Paul Floyd [Fri, 1 May 2026 09:16:17 +0000 (11:16 +0200)]
Darwin fixup_macho_loadcmds: make build more flexible
Part of work for https://bugs.kde.org/show_bug.cgi?id=519604
The value of maxprot for the __UNIXSTACK load command changed
from 7 to 3 during the macOS 10.14 lifecycle. Our code used
the SDK value to decide which to check for. MacPorts buildbot
targets all macOS 10.14 versions which does not work with our
assumption that latest 10.14 SDK => maxprot 3. In order to make
this more flexible we now allow maxprot 3 or 7 on macOS 10.14.
This is just for fixup_macho_commands that just gets used
once for each tool during builds.
Martin Cermak [Fri, 24 Apr 2026 11:21:05 +0000 (13:21 +0200)]
Recognize ioctl UFFDIO_* operations
The userfaultfd* LTP testcases demonstrate how valgrind
isn't aware of the ioctl UFFDIO_* operations. Teach
Valgrind to recognize those per linux/fs/userfaultfd.c.
Mark Wielaard [Wed, 22 Apr 2026 12:15:28 +0000 (14:15 +0200)]
Use SSizeT for VG_(readlink) result in VG_(realpath)
VG_(readlink) returns a negative value if it fails. Which is checked
for right after the call. But if SizeT is unsigned, so that check
always fails. Use SSizeT instead for the result variable.
Mark Wielaard [Mon, 20 Apr 2026 15:24:23 +0000 (17:24 +0200)]
Update NEWS entries
- New VALGRIND_REPLACES_MALLOC and VALGRIND_GET_TOOLNAME client requests.

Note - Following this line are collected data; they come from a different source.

text \<open>The coding of M_3: Vn 1, Vn 2, Vn 3 receive (a_1, b_1), (r_1, s_1) and z; Vn 4 receives
  (a_2, b_2), w and (x_1, y_1); Vn 5 receives c, (r_2, s_2) and (x_2, y_2).  The edge from Vn 4
  (resp. Vn 5) to the terminal demanding the sources with indices k1, k2, k3 packs the first
  coordinate of its group-3 source with the second coordinate of its group-1 (resp. group-2)
  source, except for the terminals demanding both c and w, which receive w and c instead.\<close>

definition code_Ub :: "nat \<Rightarrow> nat \<Rightarrow> node \<Rightarrow> 'a::field^2^2" where
  "code_Ub i l s = (if i = 1 then
        (if l = 1 then (if s = SA then matrix_unit 1 1 else if s = SB then matrix_unit 2 1 else 0)
         else if l = 4 then (if s = SA then matrix_unit 1 2 else if s = SB then matrix_unit 2 2 else 0)
         else if l = 5 then (if s = SC then mat 1 else 0) else 0)
     else if i = 2 then
        (if l = 2 then (if s = SR then matrix_unit 1 1 else if s = SS then matrix_unit 2 1 else 0)
         else if l = 4 then (if s = SW then mat 1 else 0)
         else if l = 5 then (if s = SR then matrix_unit 1 2 else if s = SS then matrix_unit 2 2 else 0) else 0)
     else
        (if l = 3 then (if s = SZ then mat 1 else 0)
         else if l = 4 then (if s = SX then matrix_unit 1 1 else if s = SY then matrix_unit 2 1 else 0)
         else if l = 5 then (if s = SX then matrix_unit 1 2 else if s = SY then matrix_unit 2 2 else 0) else 0))"

definition index1 :: "nat \<Rightarrow> nat" where "index1 j = (j - 1) div 9"
definition index2 :: "nat \<Rightarrow> nat" where "index2 j = ((j - 1) div 3) mod 3"
definition index3 :: "nat \<Rightarrow> nat" where "index3 j = (j - 1) mod 3"

definition code_Vn :: "nat \<Rightarrow> nat \<Rightarrow> nat \<Rightarrow> 'a::field^2^2" where
  "code_Vn l j g = (if l \<le> 3 then (if g = l then mat 1 else 0)
     else if l = 4 then
       (if index1 j = 2 \<and> index2 j = 2 then (if g = 2 then mat 1 else 0)
        else if g = 3 then (if index3 j < 2 then matrix_unit 1 (coord (index3 j)) else 0)
        else if g = 1 then (if index1 j < 2 then matrix_unit 2 (coord (index1 j)) else 0) else 0)
     else
       (if index1 j = 2 \<and> index2 j = 2 then (if g = 1 then mat 1 else 0)
        else if g = 3 then (if index3 j < 2 then matrix_unit 1 (coord (index3 j)) else 0)
        else if g = 2 then (if index2 j < 2 then matrix_unit 2 (coord (index2 j)) else 0) else 0))"

definition code_K :: "node \<times> node \<Rightarrow> node \<times> node \<Rightarrow> 'a::field^2^2" where
  "code_K e' e = (case fst e of Mn _ \<Rightarrow> mat 1 | Nn _ \<Rightarrow> mat 1
     | Ub i \<Rightarrow> (case snd e of Vn l \<Rightarrow> code_Ub i l (fst e') | _ \<Rightarrow> 0)
     | Vn l \<Rightarrow> (case snd e of Tn j \<Rightarrow> (case fst e' of Ub g \<Rightarrow> code_Vn l j g | _ \<Rightarrow> 0) | _ \<Rightarrow> 0)
     | _ \<Rightarrow> 0)"

definition decode_Tn :: "nat \<Rightarrow> node \<Rightarrow> node \<Rightarrow> 'a::field^2^2" where
  "decode_Tn j s a = (let k1 = index1 j; k2 = index2 j; k3 = index3 j in
     if s = group_source 1 k1 then
       (if k1 < 2 then (if a = Vn 1 then matrix_unit 1 (coord k1) else if a = Vn 4 then matrix_unit 2 2 else 0)
        else if k2 = 2 then (if a = Vn 5 then mat 1 else 0) else (if a = SC then mat 1 else 0))
     else if s = group_source 2 k2 then
       (if k2 < 2 then (if a = Vn 2 then matrix_unit 1 (coord k2) else if a = Vn 5 then matrix_unit 2 2 else 0)
        else if k1 = 2 then (if a = Vn 4 then mat 1 else 0) else (if a = SW then mat 1 else 0))
     else if s = group_source 3 k3 then
       (if k3 = 2 then (if a = Vn 3 then mat 1 else 0)
        else if k1 = 2 \<and> k2 = 2 then
          (if k3 = 0 then (if a = Nn 1 then mat 1 else if a = SA then - mat 1 else 0)
           else (if a = SY then mat 1 else 0))
        else (if a = Vn 4 then matrix_unit 1 1 else if a = Vn 5 then matrix_unit 2 1 else 0))
     else 0)"

text \<open>In the Char-q-s part every edge carries the sum of its inputs, so e_(q+3) carries the sum
  of all its sources.  Rho 1 and Rho i subtract e_1, resp. e_i, and the sources they see directly
  from e_(q+3); Rho (q+3) adds e_1, ..., e_(q+2).\<close>

definition decode_Rho :: "nat \<Rightarrow> nat \<Rightarrow> node \<Rightarrow> 'a::field^2^2" where
  "decode_Rho q i a = (if i = 1 then (if a = Nn (q+3) then mat 1 else if a = Nn 1 then - mat 1
                              else if (\<exists>k. a = XB k) then - mat 1 else 0)
     else if i \<le> q + 2 then (if a = Nn (q+3) then mat 1 else if a = Nn i then - mat 1
                              else if a = SX \<or> a = SA then - mat 1 else 0)
     else (if (\<exists>k. a = Nn k) then mat 1 else 0))"

definition code_B :: "nat \<Rightarrow> node \<Rightarrow> node \<Rightarrow> node \<times> node \<Rightarrow> 'a::field^2^2" where
  "code_B q t s e = (case t of Tn j \<Rightarrow> decode_Tn j s (fst e) | Rho i \<Rightarrow> decode_Rho q i (fst e) | _ \<Rightarrow> 0)"

abbreviation code_values where "code_values q \<equiv> N2_values q (\<lambda>_. mat 1) code_K"

lemma code_values_src: "s \<in> srcs (N2 q) \<Longrightarrow> code_values q x (s, h) = x s"
  by (simp add: N2.layered_values_at_src)

lemma code_values_Nn: "1 \<le> k \<Longrightarrow> k \<le> q + 3 \<Longrightarrow> code_values q x (Nn k, h) = code_values q x (Mn k, Nn k)"
  by (simp add: N2_values_Nn code_K_def)

definition XB_into :: "nat \<Rightarrow> nat \<Rightarrow> nat set" where
  "XB_into q k = {i. 2 \<le> i \<and> i \<le> q+2 \<and> ((2 \<le> k \<and> k \<le> q+2 \<and> i \<noteq> k) \<or> k = q+3)}"

lemma XB_into_simps: "2 \<le> q \<Longrightarrow> XB_into q (q+3) = {2..q+2}" "XB_into q 1 = {}"
  "2 \<le> i \<Longrightarrow> i \<le> q + 2 \<Longrightarrow> XB_into q i = {2..q+2} - {i}"
  by (auto simp: XB_into_def)

lemma code_values_e: "code_values q x (Mn k, Nn k) =
   (if (1 \<le> k \<and> k \<le> q+1) \<or> k = q+3 then x SA else 0) + (if k = 1 \<or> (4 \<le> k \<and> k \<le> q+3) then x SX else 0)
   + (\<Sum>i\<in>XB_into q k. x (XB i))"
proof -
  let ?SA = "if (1 \<le> k \<and> k \<le> q+1) \<or> k = q+3 then {SA} else {}"
  let ?SX = "if k = 1 \<or> (4 \<le> k \<and> k \<le> q+3) then {SX} else {}"
  have tails: "{s. (s, Mn k) \<in> edges (N2 q)} = ?SA \<union> ?SX \<union> XB ` XB_into q k"
    unfolding mem_edges_Mn XB_into_def by auto
  have "in_edges (N2 q) (Mn k) = (\<lambda>s. (s, Mn k)) ` {s. (s, Mn k) \<in> edges (N2 q)}"
    unfolding in_edges_pair by auto
  then have "code_values q x (Mn k, Nn k) = (\<Sum>s\<in>{s. (s, Mn k) \<in> edges (N2 q)}. x s)"
    by (simp add: N2.layered_values_at_L1 layer_simps code_K_def sum.reindex inj_on_def)
  also have "\<dots> = (\<Sum>s\<in>?SA. x s) + (\<Sum>s\<in>?SX. x s) + (\<Sum>s\<in>XB ` XB_into q k. x s)"
    unfolding tails by (subst sum.union_disjoint; (auto simp: XB_into_def)?)+
  also have "(\<Sum>s\<in>XB ` XB_into q k. x s) = (\<Sum>i\<in>XB_into q k. x (XB i))"
    by (simp add: sum.reindex inj_on_def)
  finally show ?thesis by simp
qed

- Linux lightweight guard pages support (--max-guard-pages=N).
- x86 (32bit) (partial) SSE4.1 instruction support.
- Linux Test Project (LTP) v20260130 was integrated.
Mark Wielaard [Wed, 18 Feb 2026 16:48:15 +0000 (17:48 +0100)]
Add MOVNTDQA SSE4.1 support for x86
Add handling of MOVNTDQA to VEX/priv/guest_x86_toIR.c based on the
guest_amd64_toIR.c implementation.
Move test_MOVNTDQA from none/tests/amd64/sse4-64.c to
none/tests/sse4-common.h and add the same test to
none/tests/x86/sse4-x86.c with new MOVNTDQA output in stdout.exp.
Move the MPSADBW computation helper and IR builder from
guest_amd64_helpers.c and guest_amd64_toIR.c into a new
header guest_generic_helpers.h and guest_generic_sse.h,
so the helpers could be shared between x86 and amd64
implementaions.
Move MPSADBW tests into the shared sse4-common.h so they are
also exercised on x86.
Mark Wielaard [Thu, 12 Mar 2026 00:22:32 +0000 (01:22 +0100)]
Add PCMPEQQ SSE4.1 support for x86
Add handling of PCMPEQQ to VEX/priv/guest_x86_toIR.c based on the
guest_amd64_toIR.c implementation. Handle Iop_CmpEQ64x2 using
h_generic_calc_CmpEQ64x2 in VEX/priv/host_x86_isel.c.
Move test_PCMPEQQ from none/tests/amd64/sse4-64.c to
none/tests/sse4-common.h and add the same test to
none/tests/x86/sse4-x86.c with new PCMPEQQ output in stdout.exp.
This possibly segfaults when arg2 is not a constant.
Optimising GCC figures it can first check arg2->tag == Iex_Const
which is cheaper than disp = arg2->Iex.Const.con->Ico.U64;
Nice one.
Regtested with both default compiler flags and -g only.